Mis lo guardò, si alzò dalla scrivania e si spostò di lato.
Indbur rimise a posto i fogli con ansia febbrile, poi parlò in fretta. «Tu non hai il diritto di venire qui così. Se volevi sottopormi la tua teoria...»
«Non si tratta di una teoria.»
«Io dico che lo è. Se l’avessi presentata con i relativi documenti e testimonianze, l’avrei fatta controllare dall’Istituto superiore di storia. In tal modo sarebbe stata esaminata accuratamente e sottoposta alla mia attenzione, dopo di che avrei preso i provvedimenti necessari. Così mi hai fatto perdere la bussola senza ragione. Ecco qui, l’ho trovato.»
Si trattava di un foglio di carta trasparente e argentata che il sindaco consegnò allo psicologo.

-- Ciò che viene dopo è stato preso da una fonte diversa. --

(* Let $(N,+,* )$ be a nilpotent ring with adjoint operation $x\circ y=x+y+x*y$, let $S$ be a subring and $I$ a two-sided ideal of $N$ with $S\cap I=\{0\}$ and $N=S+I$. Then every $x\in N$ can be written uniquely as $x=s\circ i$ with $s\in S$, $i\in I$; define $x\bullet y=s\circ y\circ i$, so that $(N,+,\bullet)$ is a left brace, and let $r$ be its Yang–Baxter map. Let $X\subseteq N$ be such that $(X,r)$ is a solution of the set-theoretic Yang–Baxter equation, and let $J\subseteq I\cap X$ be a two-sided ideal of the ring $N$. Let $k:X\to X$ satisfy, for every $x\in X$: $k(x+j)=k(x)$ whenever $j\in J$ and $x+j\in X$; $k(x)-x\in J$; and $b\bullet k(x)=k(x)+b$ for all $b\in N$. Then $k$ is a reflection of $(X,r)$.
   Context: A (left) brace is a triple $(B,+,\circ)$ with $(B,+)$ abelian group, $(B,\circ)$ group, and $x\circ(y+z)=x\circ y+x\circ z-x$. The Yang–Baxter map of the brace $(N,+,\bullet)$ is $r(x,y)=(\sigma_x(y),\tau_y(x))$ with $\sigma_x(y)=x\bullet y-x$ and $\tau_y(x)=(\sigma_x(y))^{-1}\bullet x-(\sigma_x(y))^{-1}$, inverses taken in $(N,\bullet)$. For $X\subseteq N$, $(X,r)$ is a solution of the set-theoretic Yang–Baxter equation if $r(X\times X)\subseteq X\times X$ and $(\mathrm{id}\times r)(r\times\mathrm{id})(\mathrm{id}\times r)=(r\times\mathrm{id})(\mathrm{id}\times r)(r\times\mathrm{id})$ on $X^3$. A map $k:X\to X$ is a reflection of $(X,r)$ if $r(\mathrm{id}\times k)r(\mathrm{id}\times k)=(\mathrm{id}\times k)r(\mathrm{id}\times k)r$ on $X\times X$. *)

theory Defs
  imports Main
begin

text \<open>Rings here are possibly non-unital: Isabelle's class ring has no 1.
  The ring N is the whole carrier of the type.\<close>

fun nprod :: "'a::ring list \<Rightarrow> 'a" where
  "nprod [] = 0"
| "nprod [x] = x"
| "nprod (x # y # ys) = x * nprod (y # ys)"

definition nilpotent_ring :: "'a::ring itself \<Rightarrow> bool" where
  "nilpotent_ring _ \<longleftrightarrow> (\<exists>n>0. \<forall>xs::'a list. length xs = n \<longrightarrow> nprod xs = 0)"

definition adj :: "'a::ring \<Rightarrow> 'a \<Rightarrow> 'a" where
  "adj x y = x + y + x * y"

definition is_subring :: "'a::ring set \<Rightarrow> bool" where
  "is_subring S \<longleftrightarrow> 0 \<in> S \<and> (\<forall>x\<in>S. \<forall>y\<in>S. x + y \<in> S \<and> x - y \<in> S \<and> x * y \<in> S)"

definition is_ideal :: "'a::ring set \<Rightarrow> bool" where
  "is_ideal I \<longleftrightarrow> 0 \<in> I \<and> (\<forall>x\<in>I. \<forall>y\<in>I. x + y \<in> I \<and> x - y \<in> I)
     \<and> (\<forall>x\<in>I. \<forall>b. b * x \<in> I \<and> x * b \<in> I)"

definition decomp :: "'a::ring set \<Rightarrow> 'a set \<Rightarrow> 'a \<Rightarrow> 'a \<times> 'a" where
  "decomp S I x = (THE p. fst p \<in> S \<and> snd p \<in> I \<and> x = adj (fst p) (snd p))"

definition bullet :: "'a::ring set \<Rightarrow> 'a set \<Rightarrow> 'a \<Rightarrow> 'a \<Rightarrow> 'a" where
  "bullet S I x y = (let (s, i) = decomp S I x in adj (adj s y) i)"

definition binv :: "'a::ring set \<Rightarrow> 'a set \<Rightarrow> 'a \<Rightarrow> 'a" where
  "binv S I x = (THE y. bullet S I x y = 0 \<and> bullet S I y x = 0)"

definition sigma :: "'a::ring set \<Rightarrow> 'a set \<Rightarrow> 'a \<Rightarrow> 'a \<Rightarrow> 'a" where
  "sigma S I x y = bullet S I x y - x"

definition tau :: "'a::ring set \<Rightarrow> 'a set \<Rightarrow> 'a \<Rightarrow> 'a \<Rightarrow> 'a" where
  "tau S I y x = (let u = binv S I (sigma S I x y) in bullet S I u x - u)"

definition ybmap :: "'a::ring set \<Rightarrow> 'a set \<Rightarrow> 'a \<times> 'a \<Rightarrow> 'a \<times> 'a" where
  "ybmap S I p = (sigma S I (fst p) (snd p), tau S I (snd p) (fst p))"

definition is_YB_solution :: "('a \<times> 'a \<Rightarrow> 'a \<times> 'a) \<Rightarrow> 'a set \<Rightarrow> bool" where
  "is_YB_solution r X \<longleftrightarrow>
     (\<forall>x\<in>X. \<forall>y\<in>X. r (x, y) \<in> X \<times> X) \<and>
     (\<forall>x\<in>X. \<forall>y\<in>X. \<forall>z\<in>X.
        (let r1 = (\<lambda>(a, b, c). (case r (a, b) of (a', b') \<Rightarrow> (a', b', c)));
             r2 = (\<lambda>(a, b, c). (case r (b, c) of (b', c') \<Rightarrow> (a, b', c')))
         in r2 (r1 (r2 (x, y, z))) = r1 (r2 (r1 (x, y, z)))))"

definition is_reflection :: "('a \<times> 'a \<Rightarrow> 'a \<times> 'a) \<Rightarrow> 'a set \<Rightarrow> ('a \<Rightarrow> 'a) \<Rightarrow> bool" where
  "is_reflection r X k \<longleftrightarrow>
     (\<forall>x\<in>X. \<forall>y\<in>X.
        (let idk = (\<lambda>(a, b). (a, k b))
         in r (idk (r (idk (x, y)))) = idk (r (idk (r (x, y))))))"

end

(*
  Nilpotency turns the adjoint monoid (N, o) into a group: the quasi-inverse of x is the
  finite series -x + x^2 - x^3 + ...  This yields the factorisation x = s o i and the
  inverse in (N, bullet).

  Write lambda_a(y) = a bullet y - a, which is sigma_a(y). Each lambda_a is additive and maps
  every ideal J into itself, and for J contained in I the class of lambda_a(y) modulo J
  depends only on the class of a. Moreover tau_y(x) = lambda_u(x) for u the bullet-inverse
  of sigma_x(y), and an element z fixed by every lambda_b has bullet-inverse -z, so that
  tau_z = lambda_(-z). Evaluating both sides of the reflection equation at (x, y) gives
  (k t, k y) and (k b, k tau_(k b)(a)) with a = sigma_x(y), b = tau_y(x), t = tau_(k y)(x).
  Now a = lambda_x(y) is congruent to lambda_x(k y) = k y modulo J, hence so are the
  bullet-inverses of a and of k y = sigma_x(k y), hence t and b; and tau_(k b)(a) = lambda_(-k b)(a) is congruent to lambda_(-k b)(k y) = k y. Since k is
  constant on cosets of J, the two pairs agree. Only r(X x X) <= X x X and J <= I are used,
  not the braid relation on X nor J <= X.
*)
theory Submission
  imports Defs
begin

lemma adj_assoc: "adj (adj x y) z = adj x (adj y (z::'a::ring))"
  by (simp add: adj_def algebra_simps)

lemma adj_0_left [simp]: "adj 0 x = (x::'a::ring)"
  and adj_0_right [simp]: "adj x 0 = (x::'a::ring)"
  by (simp_all add: adj_def)

lemma nprod_Cons: "ys \<noteq> [] \<Longrightarrow> nprod (y # ys) = y * nprod ys"
  by (cases ys) auto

«È un breve sommario, compilato settimanalmente da me, degli avvenimenti di politica estera. Ascolta: abbiamo concluso i negoziati per un trattato commerciale con Mores, i negoziati con Lyonesse continuano, abbiamo mandato una delegazione per i festeggiamenti di non so che cosa su Bonde, abbiamo ricevuto una protesta da Kalgan e promesso di considerare la faccenda, a nostra volta abbiamo protestato contro Aspera per il modo di commerciare poco ortodosso e ci è stato promesso di rimediare...» Il sindaco seguitò a leggere una lunga lista sottovoce, poi posò il foglio di carta nello schedario.
«Ebbene, Mis, non esiste niente che non sia perfettamente sotto controllo.»
La porta in fondo alla sala venne spalancata con violenza e un notabile entrò.
Indbur si alzò a metà sulla sedia. Era confuso: troppi avvenimenti si susseguivano uno dietro l’altro. Dopo l’irruzione di Mis adesso era il turno di quest’altro impertinente. E si trattava per giunta del suo segretario che, se non altro, avrebbe dovuto conoscere bene il cerimoniale.
Il segretario s’inginocchiò.
«Ebbene?» domandò Indbur seccato.
«Eccellenza,» disse il segretario con lo sguardo rivolto al pavimento «il capitano Pritcher del servizio informazioni è tornato da Kalgan disobbedendo ai suoi ordini e alle precedenti istruzioni, protocollo numero X20-513. È in arresto e attende di essere condannato a morte, mentre i due che lo accompagnavano sono stati trattenuti per essere interrogati. È pronto un rapporto completo.»
«Ho ricevuto la segnalazione. E allora?» Indbur sembrava preoccupato.
«Eccellenza, il capitano Pritcher ci ha informato dei pericolosi sviluppi che poteva prendere la situazione a causa del nuovo governatore di Kalgan. Secondo il suo dettato numero X20-651 non gli è stato concesso di essere ascoltato, ma i suoi commenti sono stati registrati.»
Indbur urlò. «Ho ricevuto il rapporto anche di questo! E allora?»
«Eccellenza, un quarto d’ora fa è giunta una comunicazione dalla frontiera salinniana. Astronavi identificate come provenienti da Kalgan hanno varcato i confini del territorio della Fondazione, senza autorizzazione. Le astronavi sono armate. C’è stato uno scontro.»
Il segretario era quasi piegato in due. Indbur era rimasto in piedi. Ebling Mis si scosse, s’avvicinò al segretario e gli batté sulla spalla.
«È meglio che faccia rilasciare questo capitano Pritcher immediatamente e lo porti qui. Vada.»
Il segretario uscì e Mis si rivolse al sindaco. «Non pensi che sia ora di mettere in moto la macchina? Ricordati: hai soltanto quattro mesi di tempo.»
Indbur rimase in piedi, con gli occhi vitrei. Un solo dito sembrava in vita: tracciava rapidamente triangoli sulla superficie liscia della scrivania.